Publish Spark Streaming System and Application Metrics From AWS EMR to Datadog - Part 1



I recently implemented a spark streaming application that consumes from multiple kafka topics different types of telemetry events generated by mobile devices. I set up the spark streaming cluster using AWS EMR service, and eventually succeeded in running the application on this cluster. So far so good.. 👏

The next important milestone in my project was to get my cluster and application ready for deploying in the production environment. I wanted to ensure that I could monitor the different components, understand performance parameters, get alerted when things go wrong.  

The Spark UI provides a pretty good dashboard to understand useful information about the health of the running application. However, this tool provides only one angle of the information necessary for understanding your application's statistics in production environment. While metrics generated by AWS EMR service are automatically collected and pushed to AWS CloudWatch service, these are more focused towards running MapReduce tasks on the YARN cluster, therefore only some metrics apply to the spark streaming use case. Moreover, we use Datadog service for application and cluster monitoring.

The intent of this series is to document the different ways of aggregating relevant metrics in datadog for a spark streaming application running on YARN cluster in AWS EMR. 

Luckily, Datadog has already enabled integration with AWS EMR and Spark. For a quick intro, read this

Datadog Integration with AWS EMR

This one is pretty straightforward. All the steps and metrics you can graph are documented nicely here. Just make sure your datadog account is linked to your relevant AWS account, and has permission to pull metrics.
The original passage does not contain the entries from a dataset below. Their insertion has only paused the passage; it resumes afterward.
definition random_perm :: "nat \<Rightarrow> (nat \<Rightarrow> nat) pmf \<Rightarrow> bool" where
  "random_perm n P \<longleftrightarrow> set_pmf P \<subseteq> {\<pi>. \<pi> permutes {1..n}}"

definition fin_exchangeable :: "nat \<Rightarrow> (nat \<Rightarrow> nat) pmf \<Rightarrow> bool" where
  "fin_exchangeable n P \<longleftrightarrow> random_perm n P \<and>
     (\<forall>\<pi> \<pi>'. \<pi> permutes {1..n} \<longrightarrow> \<pi>' permutes {1..n} \<longrightarrow>
        cycle_type n \<pi> = cycle_type n \<pi>' \<longrightarrow> pmf P \<pi> = pmf P \<pi>')"

definition del :: "nat \<Rightarrow> (nat \<Rightarrow> nat) \<Rightarrow> (nat \<Rightarrow> nat)" where
  "del n \<sigma> = (\<lambda>i. if i \<in> {1..n} then (if \<sigma> i = Suc n then \<sigma> (Suc n) else \<sigma> i) else i)"

definition consistent :: "(nat \<Rightarrow> (nat \<Rightarrow> nat) pmf) \<Rightarrow> bool" where
  "consistent L \<longleftrightarrow> (\<forall>m\<ge>1. map_pmf (del m) (L (Suc m)) = L m)"

definition exchangeable :: "nat \<Rightarrow> (nat \<Rightarrow> nat) pmf \<Rightarrow> bool" where
  "exchangeable n P \<longleftrightarrow>
     (\<exists>L. (\<forall>m\<ge>1. fin_exchangeable m (L m)) \<and> consistent L \<and> L n = P)"

text \<open>EPPF: phi applied to the list (n_1,...,n_k) of positive block sizes is phi^{(n)}_k(n_1,...,n_k)
  with n = sum and k = length; values on other lists are irrelevant.\<close>
definition EPPF :: "(nat list \<Rightarrow> real) \<Rightarrow> bool" where
  "EPPF \<phi> \<longleftrightarrow>
     (\<forall>xs. xs \<noteq> [] \<and> (\<forall>x\<in>set xs. x > 0) \<longrightarrow> \<phi> xs \<ge> 0) \<and>
     (\<forall>xs ys. xs \<noteq> [] \<and> (\<forall>x\<in>set xs. x > 0) \<and> mset xs = mset ys \<longrightarrow> \<phi> xs = \<phi> ys) \<and>
     \<phi> [1] = 1 \<and>
     (\<forall>xs. xs \<noteq> [] \<and> (\<forall>x\<in>set xs. x > 0) \<longrightarrow>
        \<phi> xs = (\<Sum>j<length xs. \<phi> (xs[j := xs ! j + 1])) + \<phi> (xs @ [1]))"

end

theory Submission
  imports Defs "HOL-Combinatorics.Orbits"
begin

text \<open>
  An exchangeable law of a random permutation of [m] gives the same probability W(M) to all
  permutations with multiset of cycle lengths M. The preimages under del of a permutation of
  [m] are the permutation itself, with m+1 added as a fixed point, and the m permutations that
  insert m+1 right after some i in its cycle; the latter turn a c-cycle into a (c+1)-cycle in
  c ways. So consistency of the laws for all m amounts to the recursion
  W(M) = W(M + {1}) + \<Sum>c\<in>M. c W(M - {c} + {c+1}) together with W({1}) = 1. Substituting
  W(M) = \<phi>(n_1,...,n_k) / \<Prod>j. (n_j - 1)!, the factor c cancels against c!/(c-1)! and the
  recursion becomes the addition rule of an EPPF. Conversely every such W defines finitely
  exchangeable consistent laws, their total mass being 1 by the same recursion.
\<close>

section \<open>Cycles as orbits\<close>

lemma perm_cycle_eq_orbit: "permutation p \<Longrightarrow> perm_cycle p x = orbit p x"
  unfolding perm_cycle_def by (simp add: orbit_altdef_permutation)

lemma orbit_eq_if_mem_orbit: "permutation p \<Longrightarrow> y \<in> orbit p x \<Longrightarrow> orbit p y = orbit p x"
  by (metis cyclic_on_orbit' orbit_cyclic_eq3)

lemma permutes_interval_imp_permutation: "p permutes {1..(n::nat)} \<Longrightarrow> permutation p"
  using permutes_imp_permutation by blast

lemma cycles_permutes: "p permutes {1..n} \<Longrightarrow> cycles n p = orbit p ` {1..n}"
  unfolding cycles_def
  by (simp add: perm_cycle_eq_orbit[OF permutes_interval_imp_permutation])

lemma cycles_memberD:
  assumes "p permutes {1..n}" "C \<in> cycles n p"
  shows "C \<noteq> {}" "C \<subseteq> {1..n}" "x \<in> C \<longleftrightarrow> x \<in> {1..n} \<and> orbit p x = C"
proof -
  have perm: "permutation p" using permutes_interval_imp_permutation[OF assms(1)] .
  obtain y where y: "y \<in> {1..n}" "C = orbit p y"
    using assms by (auto simp: cycles_permutes)
  show "C \<noteq> {}" using y orbit_nonempty by simp
  show sub: "C \<subseteq> {1..n}" using y permutes_orbit_subset[OF assms(1)] by simp
  show "x \<in> C \<longleftrightarrow> x \<in> {1..n} \<and> orbit p x = C"
    using sub y orbit_eq_if_mem_orbit[OF perm] permutation_self_in_orbit[OF perm] by blast
qed

lemma sum_over_cycles:
  fixes h :: "nat set \<Rightarrow> 'a :: comm_semiring_1"
  assumes "p permutes {1..n}"
  shows "(\<Sum>x\<in>{1..n}. h (orbit p x)) = (\<Sum>C\<in>cycles n p. of_nat (card C) * h C)"
proof -
  have "(\<Sum>x\<in>{1..n}. h (orbit p x)) =
      (\<Sum>C\<in>cycles n p. \<Sum>x\<in>{x \<in> {1..n}. orbit p x = C}. h (orbit p x))"
    by (rule sum.group[symmetric]) (auto simp: cycles_permutes[OF assms])
  also have "\<dots> = (\<Sum>C\<in>cycles n p. \<Sum>x\<in>C. h C)"
    by (intro sum.cong refl) (auto simp: cycles_memberD(3)[OF assms])
  finally show ?thesis by simp
qed

lemma sum_cycle_lengths: "p permutes {1..n} \<Longrightarrow> sum_mset (cycle_lengths n p) = n"
  using sum_over_cycles[of p n "\<lambda>_. 1 :: nat"]
  by (simp add: cycle_lengths_def sum_unfold_sum_mset cycles_def)

lemma cycle_lengths_bounds:
  assumes "p permutes {1..n}" "c \<in># cycle_lengths n p"
  shows "0 < c" "c \<le> n"
proof -
  obtain C where C: "C \<in> cycles n p" "c = card C"
    using assms(2) by (auto simp: cycle_lengths_def cycles_def)
  have "finite C" using cycles_memberD(2)[OF assms(1) C(1)] finite_subset by blast
  then show "0 < c" using cycles_memberD(1)[OF assms(1) C(1)] C(2) by (simp add: card_gt_0_iff)
  show "c \<le> n" using card_mono[OF _ cycles_memberD(2)[OF assms(1) C(1)]] C(2) by simp
qed

lemma cycle_lengths_positive:
  assumes "p permutes {1..m}" "1 \<le> m"
  shows "cycle_lengths m p \<noteq> {#}" "\<forall>c\<in>#cycle_lengths m p. 0 < c"
  using sum_cycle_lengths[OF assms(1)] assms(2) cycle_lengths_bounds(1)[OF assms(1)] by auto

lemma count_cycle_lengths: "count (cycle_lengths n p) i = cycle_count n p i"
  unfolding cycle_lengths_def cycle_count_def cycles_def
  by (simp add: count_image_mset_eq_card_vimage)

lemma cycle_type_eq_iff_cycle_lengths_eq:
  assumes "p permutes {1..n}" "q permutes {1..n}"
  shows "cycle_type n p = cycle_type n q \<longleftrightarrow> cycle_lengths n p = cycle_lengths n q"
proof
  assume "cycle_lengths n p = cycle_lengths n q"
  then show "cycle_type n p = cycle_type n q"
    by (simp add: cycle_type_def count_cycle_lengths[symmetric])
next
  assume type: "cycle_type n p = cycle_type n q"
  show "cycle_lengths n p = cycle_lengths n q"
  proof (rule multiset_eqI)
    fix i
    show "count (cycle_lengths n p) i = count (cycle_lengths n q) i"
    proof (cases "i \<in> {1..n}")
      case True
      have all: "\<forall>x\<in>set [1..<Suc n]. cycle_count n p x = cycle_count n q x"
        using type unfolding cycle_type_def map_eq_conv .
      have "i \<in> set [1..<Suc n]" using True by auto
      from bspec[OF all this] show ?thesis by (simp only: count_cycle_lengths)
    next
      case False
      then have "i \<notin># cycle_lengths n p" "i \<notin># cycle_lengths n q"
        using cycle_lengths_bounds[OF assms(1), of i] cycle_lengths_bounds[OF assms(2), of i]
        by auto
      then show ?thesis by (simp add: not_in_iff)
    qed
  qed
qed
Couple of screenshots to help here:

Select Amazon EMR tile if not already in Installed state.



Fill in the AWS account details in the Configuration tab, and select ElasticMapReduce in the left navigation bar.




Ensure the AWS Role specified in the configuration has List* and Describe* permissions for ElasticMapReduce



Once the above integration is successful, and assuming you have a running EMR cluster with some tags as shown in below screenshot, 


Your cluster's elasticmapreduce metrics should become available in datadog in few minutes of setting this up.


Now it's time to explore how we can enable publishing spark driver, executor and rdd metrics about our running spark streaming app in EMR Yarn cluster. You can read more about this datadog feature.

In the next part in this series, I will show you how to set up your EMR cluster to enable spark check.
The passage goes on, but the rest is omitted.